First 5 Predicted Probabilities (P(Y=0), P(Y=1)):
[[9.996e-01 4.000e-04]
 [3.360e-02 9.664e-01]
 [7.556e-01 2.444e-01]
 [3.560e-02 9.644e-01]
 [7.000e-03 9.930e-01]]

--- Calculating the Accuracy Score
Accuracy Score on Test Set: 0.97 (97.09%)

--- Interpreting the Accuracy Score
This means the model correctly predicted whether banknotes were forged or not for 97.09% of the banknotes in the unseen test data.

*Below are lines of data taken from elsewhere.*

lemma ode_solution_linear_growth:
  assumes lip: "lipschitz_on_bounded g" and z: "ode_solution g x T z"
    and zB: "\<And>s. s \<in> {0..T} \<Longrightarrow> norm (z s) \<le> B" and L: "L > 0"
    and lin: "\<And>y. norm y \<le> B \<Longrightarrow> norm (g y) \<le> L * norm y" and t: "t \<in> {0..T}"
  shows "norm (z t) \<le> 2 * norm x * exp (2 * L * t)"
proof (rule gronwall_doubling[OF _ _ L _ _ t])
  have zc: "continuous_on {0..T} z" using z unfolding ode_solution_def by blast
  then show "continuous_on {0..T} (\<lambda>s. norm (z s))" by (intro continuous_intros)
  fix s assume s: "s \<in> {0..T}"
  have "norm (z s) \<le> norm x + norm (integral {0..s} (\<lambda>r. g (z r)))"
    using z s unfolding ode_solution_def by (auto intro: norm_triangle_ineq)
  also have "norm (integral {0..s} (\<lambda>r. g (z r))) \<le> integral {0..s} (\<lambda>r. L * norm (z r))"
  proof (rule integral_norm_bound_integral)
    show "(\<lambda>r. g (z r)) integrable_on {0..s}" using s by (intro ode_solution_integrable[OF lip z]) auto
    show "(\<lambda>r. L * norm (z r)) integrable_on {0..s}"
      using s by (intro integrable_continuous_real continuous_intros continuous_on_subset[OF zc]) auto
    show "norm (g (z r)) \<le> L * norm (z r)" if "r \<in> {0..s}" for r
      using that s by (intro lin zB) auto
  qed
  finally show "norm (z s) \<le> norm x + L * integral {0..s} (\<lambda>r. norm (z r))" by simp
qed auto

lemma ode_solution_deviation:
  assumes lip1: "lipschitz_on_bounded g1" and w: "ode_solution g1 y T w"
    and lip2: "lipschitz_on_bounded g2" and v: "ode_solution g2 x T v"
    and T: "0 \<le> T" and L: "0 \<le> L" "L * T \<le> 1/2" and Q: "0 \<le> Q"
    and dev: "\<And>r. r \<in> {0..T} \<Longrightarrow> norm (g1 (w r) - g2 (v r)) \<le> L * norm (w r - v r) + Q"
  shows "norm (w T - v T) \<le> (norm (y - x) + Q * T) * (1 + 2 * L * T)"
proof -
  define D where "D t = norm (w t - v t)" for t
  define k where "k r = g1 (w r) - g2 (v r)" for r
  have Dc: "continuous_on {0..T} D"
    unfolding D_def using w v unfolding ode_solution_def by (auto intro!: continuous_intros)
  have kc: "continuous_on {0..T} k"
    unfolding k_def
    by (intro continuous_intros ode_solution_continuous_field[OF lip1 w] ode_solution_continuous_field[OF lip2 v])
  show ?thesis
    unfolding D_def[symmetric]
  proof (rule gronwall_short_interval[OF Dc T L])
    fix t assume t: "t \<in> {0..T}"
    have Dcont: "continuous_on {0..t} D" using t by (auto intro: continuous_on_subset[OF Dc])
    have "w t - v t = (y - x) + integral {0..t} k"
      using w v t unfolding ode_solution_def k_def
      by (simp add: integral_diff ode_solution_integrable[OF lip1 w] ode_solution_integrable[OF lip2 v])
    then have "D t \<le> norm (y - x) + norm (integral {0..t} k)"
      unfolding D_def by (simp add: norm_triangle_ineq)
    also have "norm (integral {0..t} k) \<le> integral {0..t} (\<lambda>r. L * D r + Q)"
      using t dev unfolding k_def D_def
      by (intro integral_norm_bound_integral integrable_continuous_real continuous_intros
          continuous_on_subset[OF kc[unfolded k_def]] continuous_on_subset[OF Dc[unfolded D_def]]) auto
    also have "\<dots> = L * integral {0..t} D + Q * t"
      using t by (subst integral_add) (auto intro!: integrable_continuous_real continuous_intros Dcont)
    also have "Q * t \<le> Q * T" using t Q by (intro mult_left_mono) auto
    finally show "D t \<le> norm (y - x) + Q * T + L * integral {0..t} D" by simp
  qed (auto simp: D_def)
qed
(* Let $n>10$, $S=\{1,2,4\}\subset\mathbb Z_n$, and $\mathbb K$ a field of characteristic $0$ containing the $n$-th roots of unity. For $\lambda^n=1$: $H_0^{(\lambda)}\cong H_1^{(\lambda)}\cong\mathbb K$ if $\lambda=1$ and $H_0^{(\lambda)}=H_1^{(\lambda)}=0$ if $\lambda\ne1$, and $H_m^{(\lambda)}=0$ for all $m\ge2$. Consequently \[H_m^{\mathrm{path}}(\vec C_n^{1,2,4};\mathbb K)\cong\begin{cases}\mathbb K & m=0,1,\\ 0 & m\ge2.\end{cases}\]
   Context: GLMY path complex over a field $\mathbb K$ of characteristic $0$: elementary paths $e_{v_0\cdots v_n}$, boundary $\partial e_{v_0\cdots v_n}=\sum_{j}(-1)^j e_{v_0\cdots\widehat{v_j}\cdots v_n}$, paths with two equal consecutive vertices set to $0$; $A_n(G)$ = span of paths along arrows of $G$; $\Omega_0=A_0$, $\Omega_1=A_1$, $\Omega_n=\{u\in A_n:\partial u\in A_{n-1}\}$; $H^{\mathrm{path}}_m$ is the homology of $(\Omega_*,\partial)$. The circulant digraph $\vec{C}_n^S$ has vertex set $\mathbb Z_n$ and arrows $a\to a+s$, $s\in S$. $\tau$ is the chain automorphism induced by $a\mapsto a+1$, $\Omega_m^{(\lambda)}=\{\alpha\in\Omega_m:\tau\alpha=\lambda\alpha\}$ and $H_m^{(\lambda)}=H_m(\Omega_*^{(\lambda)},\partial)$. *)

theory Defs
  imports Main
begin

(* Chains of the (regular) GLMY path complex on the vertex set Z_n = {0..<n}:
   a chain is a coefficient function on vertex sequences (elementary paths
   e_{v_0...v_m} correspond to lists [v_0,...,v_m]). *)

type_synonym 'k chain = "nat list \<Rightarrow> 'k"

definition regular_path :: "nat list \<Rightarrow> bool" where
  "regular_path xs \<longleftrightarrow> (\<forall>i. Suc i < length xs \<longrightarrow> xs ! i \<noteq> xs ! Suc i)"

definition vpaths :: "nat \<Rightarrow> nat \<Rightarrow> nat list set" where
  "vpaths n k = {xs. length xs = k \<and> set xs \<subseteq> {..<n}}"

definition chains :: "nat \<Rightarrow> nat \<Rightarrow> ('k::field) chain set" where
  "chains n m = {u. \<forall>xs. u xs \<noteq> 0 \<longrightarrow> xs \<in> vpaths n (Suc m) \<and> regular_path xs}"

(* boundary: \<partial> e_{v_0..v_m} = \<Sum>_j (-1)^j e_{v_0..\<widehat>v_j..v_m}, non-regular paths set to 0;
   the boundary of a vertex (0-path) is 0 *)
definition bd :: "nat \<Rightarrow> ('k::field) chain \<Rightarrow> 'k chain" where
  "bd n u = (\<lambda>ys. if ys \<noteq> [] \<and> regular_path ys \<and> set ys \<subseteq> {..<n} then
      (\<Sum>xs\<in>vpaths n (Suc (length ys)). \<Sum>j<length xs.
          (if take j xs @ drop (Suc j) xs = ys then (-1) ^ j * u xs else 0))
    else 0)"

definition circ_arrow :: "nat \<Rightarrow> nat set \<Rightarrow> nat \<Rightarrow> nat \<Rightarrow> bool" where
  "circ_arrow n S a b \<longleftrightarrow> a < n \<and> b < n \<and> (\<exists>s\<in>S. b = (a + s) mod n)"

definition allowed_path :: "nat \<Rightarrow> nat set \<Rightarrow> nat list \<Rightarrow> bool" where
  "allowed_path n S xs \<longleftrightarrow> (\<forall>i. Suc i < length xs \<longrightarrow> circ_arrow n S (xs ! i) (xs ! Suc i))"

definition Apaths :: "nat \<Rightarrow> nat set \<Rightarrow> nat \<Rightarrow> ('k::field) chain set" where
  "Apaths n S m = {u \<in> chains n m. \<forall>xs. u xs \<noteq> 0 \<longrightarrow> allowed_path n S xs}"

definition Omega :: "nat \<Rightarrow> nat set \<Rightarrow> nat \<Rightarrow> ('k::field) chain set" where
  "Omega n S m = (if m = 0 then Apaths n S 0
     else {u \<in> Apaths n S m. bd n u \<in> Apaths n S (m - 1)})"

(* \<tau>: chain map induced by a \<mapsto> a+1 (mod n): \<tau> e_{v_0..v_m} = e_{v_0+1..v_m+1} *)
definition tau :: "nat \<Rightarrow> ('k::field) chain \<Rightarrow> 'k chain" where
  "tau n u = (\<lambda>ys. if set ys \<subseteq> {..<n} then u (map (\<lambda>v. (v + n - 1) mod n) ys) else 0)"

definition Omega_eig :: "nat \<Rightarrow> nat set \<Rightarrow> 'k::field \<Rightarrow> nat \<Rightarrow> 'k chain set" where
  "Omega_eig n S lam m = {a \<in> Omega n S m. tau n a = (\<lambda>xs. lam * a xs)}"

definition cycles :: "nat \<Rightarrow> (nat \<Rightarrow> ('k::field) chain set) \<Rightarrow> nat \<Rightarrow> 'k chain set" where
  "cycles n Om m = {u \<in> Om m. bd n u = (\<lambda>_. 0)}"

definition boundaries :: "nat \<Rightarrow> (nat \<Rightarrow> ('k::field) chain set) \<Rightarrow> nat \<Rightarrow> 'k chain set" where
  "boundaries n Om m = bd n ` Om (Suc m)"

definition homology_zero :: "nat \<Rightarrow> (nat \<Rightarrow> ('k::field) chain set) \<Rightarrow> nat \<Rightarrow> bool" where
  "homology_zero n Om m \<longleftrightarrow> cycles n Om m \<subseteq> boundaries n Om m"

(* H_m \<cong> K: the quotient Z_m / B_m is one-dimensional, spanned by the class of z *)
definition homology_iso_field :: "nat \<Rightarrow> (nat \<Rightarrow> ('k::field) chain set) \<Rightarrow> nat \<Rightarrow> bool" where
  "homology_iso_field n Om m \<longleftrightarrow>
     (\<exists>z\<in>cycles n Om m. z \<notin> boundaries n Om m \<and>
        (\<forall>w\<in>cycles n Om m. \<exists>c. (\<lambda>xs. w xs - c * z xs) \<in> boundaries n Om m))"

end

theory Submission
  imports Defs
begin

text \<open>Write a path of the circulant digraph as a start vertex and a word of steps in \<open>{1,2,4}\<close>.
  Deleting an inner vertex merges two consecutive steps \<open>s, t\<close> into \<open>s + t\<close>. For \<open>n > 10\<close> the sums
  \<open>3, 5, 6, 8\<close> are not steps, so \<open>\<partial>\<close>-invariance forces an element of \<open>\<Omega>\<close> to be alternating
  under swapping adjacent distinct steps and to vanish on words containing \<open>4, 4\<close>. Hence \<open>\<Omega>\<^sub>m\<close>
  is parametrised by \<open>n\<close>-periodic coefficient functions on the sorted words \<open>1\<^sup>a 2\<^sup>b 4\<^sup>e\<close> with
  \<open>e \<le> 1\<close>; \<open>\<tau>\<close> becomes a shift of the start vertex and \<open>\<partial>\<close> an explicit difference operator
  in which only the merges \<open>1 + 1 = 2\<close> and \<open>2 + 2 = 4\<close> survive. This coefficient complex is
  exact in degrees \<open>\<ge> 2\<close> by triangular elimination, and in degrees 0 and 1 its homology is spanned
  by the constant function and by the indicator of the one-letter word \<open>1\<close>, which are detected by sums over a period.
  For the eigenspace of \<open>\<lambda>\<close>, a primitive is averaged over the period with weights \<open>\<lambda>\<^sup>k\<close>.\<close>

section \<open>Paths as walks\<close>

abbreviation S124 :: "nat set" where "S124 \<equiv> {1,2,4}"

fun walk :: "nat \<Rightarrow> nat \<Rightarrow> nat list \<Rightarrow> nat list" where
  "walk n v [] = [v]"
| "walk n v (s#\<sigma>) = v # walk n ((v+s) mod n) \<sigma>"

fun walk_end :: "nat \<Rightarrow> nat \<Rightarrow> nat list \<Rightarrow> nat" where
  "walk_end n v [] = v"
| "walk_end n v (s#\<sigma>) = walk_end n ((v+s) mod n) \<sigma>"

fun steps :: "nat \<Rightarrow> nat list \<Rightarrow> nat list" where
  "steps n (x#y#r) = ((y + n - x) mod n) # steps n (y#r)"
| "steps n _ = []"

lemma length_walk[simp]: "length (walk n v \<sigma>) = Suc (length \<sigma>)"
  by (induction \<sigma> arbitrary: v) auto

lemma hd_walk[simp]: "hd (walk n v \<sigma>) = v"
  by (cases \<sigma>) auto

lemma walk_not_Nil[simp]: "walk n v \<sigma> \<noteq> []"
  by (cases \<sigma>) auto

lemma walk_append: "walk n v (\<alpha> @ \<beta>) = butlast (walk n v \<alpha>) @ walk n (walk_end n v \<alpha>) \<beta>"
  by (induction \<alpha> arbitrary: v) auto

lemma last_walk[simp]: "last (walk n v \<sigma>) = walk_end n v \<sigma>"
  by (induction \<sigma> arbitrary: v) auto

lemma walk_snoc: "walk n v (\<sigma> @ [s]) = walk n v \<sigma> @ [(walk_end n v \<sigma> + s) mod n]"
proof -
  have "walk n v (\<sigma> @ [s]) = butlast (walk n v \<sigma>) @ walk n (walk_end n v \<sigma>) [s]" by (rule walk_append)
  also have "\<dots> = butlast (walk n v \<sigma>) @ [last (walk n v \<sigma>)] @ [(walk_end n v \<sigma> + s) mod n]" by simp
  also have "\<dots> = walk n v \<sigma> @ [(walk_end n v \<sigma> + s) mod n]"
    by (metis append_assoc append_butlast_last_id walk_not_Nil)
  finally show ?thesis .
qed

lemma set_walk: "v < n \<Longrightarrow> set (walk n v \<sigma>) \<subseteq> {..<n}"
  by (induction \<sigma> arbitrary: v) auto

lemma walk_split_nth:
  assumes "k < length \<tau>"
  shows "walk n v \<tau> = butlast (walk n v (take k \<tau>)) @ walk_end n v (take k \<tau>) #
     walk n ((walk_end n v (take k \<tau>) + \<tau>!k) mod n) (drop (Suc k) \<tau>)"
proof -
  have "\<tau> = take k \<tau> @ (\<tau>!k) # drop (Suc k) \<tau>" using assms by (simp add: id_take_nth_drop)
  then have "walk n v \<tau> = walk n v (take k \<tau> @ (\<tau>!k) # drop (Suc k) \<tau>)" by simp
  also have "\<dots> = butlast (walk n v (take k \<tau>)) @ walk n (walk_end n v (take k \<tau>)) ((\<tau>!k) # drop (Suc k) \<tau>)"
    by (rule walk_append)
  finally show ?thesis by simp
qed

lemma int_add_diff_mod: "a < n \<Longrightarrow> b \<le> n \<Longrightarrow> int ((a + n - b) mod n) = (int a - int b) mod int n"
proof -
  assume ab: "a < n" "b \<le> n"
  have "int ((a + n - b) mod n) = (int a + int n - int b) mod int n"
    using ab by (simp add: zmod_int of_nat_diff)
  also have "int a + int n - int b = (int a - int b) + int n" by simp
  also have "((int a - int b) + int n) mod int n = (int a - int b) mod int n" by (rule mod_add_self2)
  finally show ?thesis .
qed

--- Calculating the Precision and Recall Scores
Precision Score: 0.94
Recall Score: 1.00

--- Interpreting the Precision and Recall Scores
- Precision (0.94): When the model predicts a banknote is forged, it is correct 93.8% of the time.
- Recall (1.00): The model correctly identifies 100.0% of all banknotes which were actually forged.


## Task 5: Coefficient Interpretation

In [39]:
print("\n--- Task 5: Coefficient Interpretation ---")

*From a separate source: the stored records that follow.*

lemma eta_defect_ge: "\<exists>K>0. \<forall>\<^sub>F l in at_top. - K * depth l powr (n0 + 2) \<le> eta_defect l"
proof -
  obtain K1 where K1: "K1 > 0" "\<forall>\<^sub>F l in at_top. M - mass l \<le> K1 * depth l powr (n0 + 1)"
    using mass_defect_le by blast
  define K where "K = 4 * K1 / ((n0 + 2) * R\<^sup>2)"
  define w where "w l = (1 - U l) * (1 - Q l)" for l
  have "\<forall>\<^sub>F l in at_top. - K * depth l powr (n0 + 2) \<le> eta_defect l"
  proof (rule eventually_le_if_deriv_le)
    show "\<forall>\<^sub>F l in at_top. ((\<lambda>l. - K * depth l powr (n0 + 2)) has_real_derivative
           - K * - ((n0 + 2) * depth l powr (n0 + 2 - 1) * (radius l * w l))) (at l) \<and>
        (eta_defect has_real_derivative (M - mass l) * w l / radius l) (at l) \<and>
        (M - mass l) * w l / radius l
          \<le> - K * - ((n0 + 2) * depth l powr (n0 + 2 - 1) * (radius l * w l))"
      using eventually_near_surface K1(2) eventually_depth_pos
    proof eventually_elim
      case (elim l)
      then have l: "lam0 \<le> l" "R / 2 \<le> radius l" "0 < depth l"
          "M - mass l \<le> K1 * depth l powr (n0 + 1)"
        by auto
      have "n0 + 2 - 1 = n0 + 1"
        by simp
      then have "- K * - ((n0 + 2) * depth l powr (n0 + 2 - 1) * (radius l * w l))
          = (K * (n0 + 2)) * depth l powr (n0 + 1) * (radius l * w l)"
        by (simp only: mult_ac minus_mult_minus)
      also have "K * (n0 + 2) = 4 * K1 / R\<^sup>2"
        using n0_pos R_pos unfolding K_def by (simp add: divide_simps)
      finally have K_eq: "- K * - ((n0 + 2) * depth l powr (n0 + 2 - 1) * (radius l * w l))
          = 4 * K1 / R\<^sup>2 * depth l powr (n0 + 1) * (radius l * w l)" .
      have "(M - mass l) * w l / radius l
          \<le> - K * - ((n0 + 2) * depth l powr (n0 + 2 - 1) * (radius l * w l))"
        unfolding K_eq unfolding w_def using K1(1) by (intro eta_defect_deriv_le[OF l(1,2,4)]) simp
      then show ?case
        unfolding w_def
        using DERIV_cmult[OF depth_powr_has_deriv[OF l(1,3)], of "- K" "n0 + 2"]
          eta_defect_has_deriv[OF l(1)] by blast
    qed
    show "((\<lambda>l. - K * depth l powr (n0 + 2) - eta_defect l) \<longlongrightarrow> 0) at_top"
      using tendsto_diff[OF tendsto_mult[OF tendsto_const depth_powr_tendsto_0[of "n0 + 2"]]
          eta_defect_tendsto_0, of "- K"] n0_pos
      by simp
  qed
  moreover have "K > 0"
    using K1(1) R_pos n0_pos by (simp add: K_def)
  ultimately show ?thesis
    by blast
qed

definition rel_depth :: "real \<Rightarrow> real" where
  "rel_depth l = (R - radius l) / R"

lemma rel_depth_tendsto_0: "(rel_depth \<longlongrightarrow> 0) at_top"
  using tendsto_divide[OF depth_tendsto_0 tendsto_const, of R] R_pos
  by (simp add: rel_depth_def[abs_def] depth_def)

lemma eventually_rel_depth_pos: "\<forall>\<^sub>F l in at_top. 0 < rel_depth l"
  using eventually_depth_pos by eventually_elim (use R_pos in \<open>simp add: rel_depth_def depth_def\<close>)

lemma rel_depth_powr_bigo:
  "p \<le> q \<Longrightarrow> (\<lambda>l. rel_depth l powr q) \<in> O[at_top](\<lambda>l. rel_depth l powr p)"
  by (rule powr_bigo_powr_if_tendsto_0[OF rel_depth_tendsto_0 eventually_rel_depth_pos])

lemma eta_defect_bigo: "eta_defect \<in> O[at_top](\<lambda>l. rel_depth l powr (n0 + 2))"
proof -
  obtain K where K: "K > 0" "\<forall>\<^sub>F l in at_top. - K * depth l powr (n0 + 2) \<le> eta_defect l"
    using eta_defect_ge by blast
  show ?thesis
  proof (rule bigoI[where c = "K * R powr (n0 + 2)"])
    show "\<forall>\<^sub>F l in at_top.
        norm (eta_defect l) \<le> K * R powr (n0 + 2) * norm (rel_depth l powr (n0 + 2))"
      using K(2) eventually_eta_defect_nonpos eventually_rel_depth_pos
    proof eventually_elim
      case (elim l)
      have "depth l powr (n0 + 2) = R powr (n0 + 2) * rel_depth l powr (n0 + 2)"
        using R_pos elim by (simp add: rel_depth_def depth_def powr_mult[symmetric])
      with elim show ?case
        by simp
    qed
  qed
qed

# Extract coefficients from the trained model
log_coefficients = log_reg_model.coef_[0]
feature_names = x.columns
coeffs_log_df = pd.DataFrame({'Feature': feature_names, 'Coefficient (Log-Odds)': log_coefficients})

# Print the coefficients for 'Skewness' and 'Entropy'
print(f"\n--- Logistic Regression Model Coefficients (Banknote Authentiction Data) ---")
print(f"--- Coefficients for Skewness:")
print(coeffs_log_df[(coeffs_log_df['Feature'] == 'Skewness')])
print(f"\n--- Coefficients for Entropy:")
print(coeffs_log_df[(coeffs_log_df['Feature'] == 'Entropy')])

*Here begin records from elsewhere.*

lemma continuous_on_comp_fundamental:
  assumes "fundamental G" "\<forall>f\<in>F. bounded_linear f" "t \<in> {g \<circ> f | g f. g \<in> G \<and> f \<in> F}"
  shows "continuous_on UNIV t"
proof -
  obtain g f where "t = g \<circ> f" "g \<in> G" "f \<in> F"
    using assms(3) by blast
  moreover from this have "continuous_on UNIV g" "bounded_linear f"
    using assms(1,2) unfolding fundamental_def by auto
  ultimately show ?thesis
    by (metis continuous_on_compose continuous_on_subset linear_continuous_on subset_UNIV)
qed

theorem theorem4p3p3:
  fixes G :: "(real \<Rightarrow> real) set"
    and F :: "('a::real_normed_vector \<Rightarrow> real) set"
  assumes nontriv: "\<exists>x::'a. x \<noteq> 0"
    and G_fund: "fundamental G"
    and F_dual: "\<forall>f\<in>F. bounded_linear f"
    and F_dense: "\<forall>\<phi>::'a \<Rightarrow> real. bounded_linear \<phi> \<and> onorm \<phi> = 1 \<longrightarrow>
        (\<forall>\<epsilon>>0. \<exists>f\<in>F. f \<noteq> (\<lambda>x. 0) \<and> onorm (\<lambda>x. \<phi> x - f x / onorm f) < \<epsilon>)"
  shows "fundamental {g \<circ> f | g f. g \<in> G \<and> f \<in> F}"
proof -
  have dense: "normalized_dense_in_unit_sphere F"
    using F_dense unfolding normalized_dense_in_unit_sphere_def .
  have "approximable_on K {g \<circ> f | g f. g \<in> G \<and> f \<in> F} h"
    if "compact K" "continuous_on UNIV h" for K h
  proof (rule approximable_on_of_exp_functionals[OF \<open>compact K\<close>])
    show "continuous_on K h"
      using \<open>continuous_on UNIV h\<close> by (rule continuous_on_subset) simp
    show "approximable_on K {g \<circ> f | g f. g \<in> G \<and> f \<in> F} (\<lambda>x. exp (\<phi> x))"
      if "bounded_linear \<phi>" for \<phi>
      using approximable_on_ridge[OF nontriv G_fund F_dual dense that continuous_on_exp[OF continuous_on_id] \<open>compact K\<close>]
      by (simp add: comp_def)
  qed
  moreover have "continuous_on UNIV t" if "t \<in> {g \<circ> f | g f. g \<in> G \<and> f \<in> F}" for t
    using G_fund F_dual that by (rule continuous_on_comp_fundamental)
  ultimately show ?thesis
    unfolding fundamental_iff_approximable_on by blast
qed

end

--- Task 5: Coefficient Interpretation ---

--- Logistic Regression Model Coefficients (Banknote Authentiction Data) ---
--- Coefficients for Skewness:
    Feature  Coefficient (Log-Odds)
1  Skewness               -4.806524

--- Coefficients for Entropy:
   Feature  Coefficient (Log-Odds)
3  Entropy                0.257966


## Task 6: Conclusion

The logistic regression model achieved 97.09% accuracy, 94% precision, and 100% recall in banknote authentication, with a strong negative Skewness coefficient (-4.81) reducing forgery odds and a small positive Entropy coefficient (0.26) slightly increasing them. This reliable model excels at verification but could improve with advanced techniques.

## Task 7: Code Quality

In [40]:
print("\n--- Task 7: Code Quality ---")
print("Ensure code is commented, uses meaningful variable names, and runs without errors.")


--- Task 7: Code Quality ---
Ensure code is commented, uses meaningful variable names, and runs without errors.